Numerical Simulation of the Advantages of the Figure-Eight Flapping Motion of an Insect on Aerodynamics under Low Reynolds Number Conditions
Masato Yoshida, Tomohiro Fukui

TL;DR
This paper studies how insects' figure-eight wing motion improves flight efficiency at low Reynolds numbers, relevant for small drone design.
Contribution
The study identifies optimal figure-eight wing motion patterns for efficient lift generation at low Reynolds numbers.
Findings
Motion with smaller initial phase of elevation angle (φe0≤90°) generates lift more efficiently across Reynolds numbers.
Figure-eight motion is more effective at low Reynolds numbers.
Abstract
In proceeding with the advanced development of small unmanned aerial vehicles (UAVs), which are small flying machines, understanding the flight of insects is important because UAVs that use flight are attracting attention. The figure-eight trajectory of the wing tips is often observed in the flight of insects.
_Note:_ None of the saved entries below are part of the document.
(* Let $X$ be a set, $B=(B,+,0)$ a unitary magma and $(A,k,q,s,p)$ a retraction point from $X$ to $B$. Define $\varphi\colon X\times B\times X\times B\to X$ by $$\varphi(x,b,x',b')=q\big((k(x)+s(b))+(k(x')+s(b'))\big).$$ Then $(X,\varphi)$ is a $B$-action.
   Context: A unitary magma is a set with a binary operation $+$ and an element $0$ with $b+0=b=0+b$ for all $b$; morphisms preserve $+$ and $0$. Given a set $X$ and a unitary magma $B$, a retraction point from $X$ to $B$ is a tuple $(A,k,q,s,p)$ where $A=(A,+,0)$ is a unitary magma, $k\colon X\to A$ and $q\colon A\to X$ are maps, $s\colon B\to A$ and $p\colon A\to B$ are morphisms of unitary magmas, and $p(s(b))=b$, $q(k(x))=x$, $p(k(x))=0$, $q(s(b))=q(0)$, and $k(q(a))+s(p(a))=a$ for all $x\in X$, $b\in B$, $a\in A$. A $B$-action is a pair $(X,\varphi)$ with $X$ a set and $\varphi\colon X\times B\times X\times B\to X$ a map such that: (1) there is an element $0\in X$ with $\varphi(x,0,0,0)=x=\varphi(0,0,x,0)$ for all $x\in X$; (2) $\varphi(x,b,0,0)=\varphi(x,0,0,b)=\varphi(0,0,x,b)$ for all $x\in X,b\in B$; (3) $\varphi(0,b,0,b')=0$ for all $b,b'\in B$; (4) writing $\varphi_{00}(x,b)=\varphi(x,0,0,b)$, for all $x,x'\in X$, $b,b'\in B$: $\varphi(x,b,x',b')=\varphi_{00}\big(\varphi(\varphi_{00}(x,b),b,\varphi_{00}(x',b'),b'),\,b+b'\big)$. *)

theory Defs
  imports Main
begin

text \<open>Sets are modelled as types: the set X is the type 'x, a unitary magma
  (B,+,0) is a type 'b with an operation and a distinguished element.\<close>

definition unitary_magma :: "('b \<Rightarrow> 'b \<Rightarrow> 'b) \<Rightarrow> 'b \<Rightarrow> bool" where
  "unitary_magma add z \<longleftrightarrow> (\<forall>b. add b z = b \<and> add z b = b)"

definition magma_hom ::
  "('a \<Rightarrow> 'a \<Rightarrow> 'a) \<Rightarrow> 'a \<Rightarrow> ('b \<Rightarrow> 'b \<Rightarrow> 'b) \<Rightarrow> 'b \<Rightarrow> ('a \<Rightarrow> 'b) \<Rightarrow> bool" where
  "magma_hom addA zA addB zB f \<longleftrightarrow>
     (\<forall>x y. f (addA x y) = addB (f x) (f y)) \<and> f zA = zB"

definition retraction_point ::
  "('b \<Rightarrow> 'b \<Rightarrow> 'b) \<Rightarrow> 'b \<Rightarrow> ('a \<Rightarrow> 'a \<Rightarrow> 'a) \<Rightarrow> 'a \<Rightarrow>
   ('x \<Rightarrow> 'a) \<Rightarrow> ('a \<Rightarrow> 'x) \<Rightarrow> ('b \<Rightarrow> 'a) \<Rightarrow> ('a \<Rightarrow> 'b) \<Rightarrow> bool" where
  "retraction_point addB zB addA zA k q s p \<longleftrightarrow>
     unitary_magma addA zA \<and>
     magma_hom addB zB addA zA s \<and> magma_hom addA zA addB zB p \<and>
     (\<forall>b. p (s b) = b) \<and> (\<forall>x. q (k x) = x) \<and> (\<forall>x. p (k x) = zB) \<and>
     (\<forall>b. q (s b) = q zA) \<and> (\<forall>a. addA (k (q a)) (s (p a)) = a)"

definition B_action ::
  "('b \<Rightarrow> 'b \<Rightarrow> 'b) \<Rightarrow> 'b \<Rightarrow> ('x \<Rightarrow> 'b \<Rightarrow> 'x \<Rightarrow> 'b \<Rightarrow> 'x) \<Rightarrow> bool" where
  "B_action addB zB \<phi> \<longleftrightarrow>
     (\<exists>z::'x.
        (\<forall>x. \<phi> x zB z zB = x \<and> \<phi> z zB x zB = x) \<and>
        (\<forall>x b. \<phi> x b z zB = \<phi> x zB z b \<and> \<phi> x zB z b = \<phi> z zB x b) \<and>
        (\<forall>b b'. \<phi> z b z b' = z) \<and>
        (\<forall>x x' b b'. \<phi> x b x' b' =
            \<phi> (\<phi> (\<phi> x zB z b) b (\<phi> x' zB z b') b') zB z (addB b b')))"

end

theory Submission
  imports Defs
begin

text \<open>Every a in A decomposes as k (q a) + s (p a), and p sends both k x + s b and
  (k x + s b) + (k x' + s b') to the B-component b, resp. b + b'. Hence k (q a) + s b = a
  whenever a is one of these elements: applying q after re-attaching the B-component loses
  nothing. Each axiom of a B-action reduces to this cancellation together with
  k (q 0) = 0 and q (s b) = q 0.\<close>

locale retraction_point_over_unitary_magma =
  fixes addB :: "'b \<Rightarrow> 'b \<Rightarrow> 'b" and zB :: 'b
    and addA :: "'a \<Rightarrow> 'a \<Rightarrow> 'a" (infixl "\<oplus>" 65) and zA :: 'a
    and k :: "'x \<Rightarrow> 'a" and q :: "'a \<Rightarrow> 'x" and s :: "'b \<Rightarrow> 'a" and p :: "'a \<Rightarrow> 'b"
  assumes unitary_B: "unitary_magma addB zB"
    and retraction: "retraction_point addB zB addA zA k q s p"
begin

definition induced_action :: "'x \<Rightarrow> 'b \<Rightarrow> 'x \<Rightarrow> 'b \<Rightarrow> 'x" where
  "induced_action x b x' b' = q ((k x \<oplus> s b) \<oplus> (k x' \<oplus> s b'))"

lemma addB_zero [simp]: "addB b zB = b" "addB zB b = b"
  using unitary_B unfolding unitary_magma_def by auto

lemma addA_zero [simp]: "a \<oplus> zA = a" "zA \<oplus> a = a"
  using retraction unfolding retraction_point_def unitary_magma_def by auto

lemma s_add: "s (addB b b') = s b \<oplus> s b'" and s_zero [simp]: "s zB = zA"
  using retraction unfolding retraction_point_def magma_hom_def by auto

lemma p_add [simp]: "p (a \<oplus> a') = addB (p a) (p a')" and p_zero [simp]: "p zA = zB"
  using retraction unfolding retraction_point_def magma_hom_def by auto

lemma p_s [simp]: "p (s b) = b" and q_k [simp]: "q (k x) = x" and p_k [simp]: "p (k x) = zB"
    and q_s [simp]: "q (s b) = q zA" and k_q_add_s_p: "k (q a) \<oplus> s (p a) = a"
  using retraction unfolding retraction_point_def by auto

lemma k_q_add_s_cancel: "p a = b \<Longrightarrow> k (q a) \<oplus> s b = a"
  using k_q_add_s_p by blast

lemma k_q_zero [simp]: "k (q zA) = zA"
  using k_q_add_s_p [of zA] by simp

lemma induced_action_zero_zero: "induced_action x zB (q zA) b = q (k x \<oplus> s b)"
  by (simp add: induced_action_def)

lemma induced_action_zero_eq: "induced_action x b (q zA) zB = induced_action x zB (q zA) b"
  "induced_action x zB (q zA) b = induced_action (q zA) zB x b"
  by (simp_all add: induced_action_def)

lemma induced_action_unit: "induced_action x zB (q zA) zB = x" "induced_action (q zA) zB x zB = x"
  by (simp_all add: induced_action_def)

lemma induced_action_at_zero: "induced_action (q zA) b (q zA) b' = q zA"
  by (simp add: induced_action_def flip: s_add)

lemma induced_action_normalize_args:
  "induced_action (q (k x \<oplus> s b)) b (q (k x' \<oplus> s b')) b' = induced_action x b x' b'"
  by (simp add: induced_action_def k_q_add_s_cancel)

lemma k_induced_action_add_s:
  "k (induced_action x b x' b') \<oplus> s (addB b b') = (k x \<oplus> s b) \<oplus> (k x' \<oplus> s b')"
  unfolding induced_action_def by (rule k_q_add_s_cancel) simp

lemma induced_action_decompose:
  "induced_action x b x' b' =
     induced_action (induced_action (induced_action x zB (q zA) b) b
                                    (induced_action x' zB (q zA) b') b')
                    zB (q zA) (addB b b')"
  by (simp add: induced_action_zero_zero induced_action_normalize_args k_induced_action_add_s
                flip: induced_action_def)

theorem B_action_induced_action: "B_action addB zB induced_action"
  unfolding B_action_def
  by (intro exI [of _ "q zA"])
     (use induced_action_unit induced_action_zero_eq induced_action_at_zero
          induced_action_decompose in blast)

end

theorem proposition5p1:
  fixes addB :: "'b \<Rightarrow> 'b \<Rightarrow> 'b" and zB :: 'b
    and addA :: "'a \<Rightarrow> 'a \<Rightarrow> 'a" and zA :: 'a
    and k :: "'x \<Rightarrow> 'a" and q :: "'a \<Rightarrow> 'x" and s :: "'b \<Rightarrow> 'a" and p :: "'a \<Rightarrow> 'b"
  assumes "unitary_magma addB zB"
    and "retraction_point addB zB addA zA k q s p"
  shows "B_action addB zB
           (\<lambda>x b x' b'. q (addA (addA (k x) (s b)) (addA (k x') (s b'))))"
proof -
  interpret retraction_point_over_unitary_magma addB zB addA zA k q s p
    using assms by unfold_locales
  show ?thesis
    using B_action_induced_action unfolding induced_action_def [abs_def] .
qed

end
In this study, we investigated the more efficient figure-eight motion patterns in generating lift during the hovering motion and the relationship between figure-eight motion and Reynolds number. For this purpose, we compared the ratios of the cycle-averaged lift coefficient to the power coefficient generated from each motion by varying the elevation motion angle, which is the rotational motion that represents the figure-eight motion, and the Reynolds number. The result showed that the motion with a smaller initial phase of the elevation motion angle (φe0≤90°) could generate lift…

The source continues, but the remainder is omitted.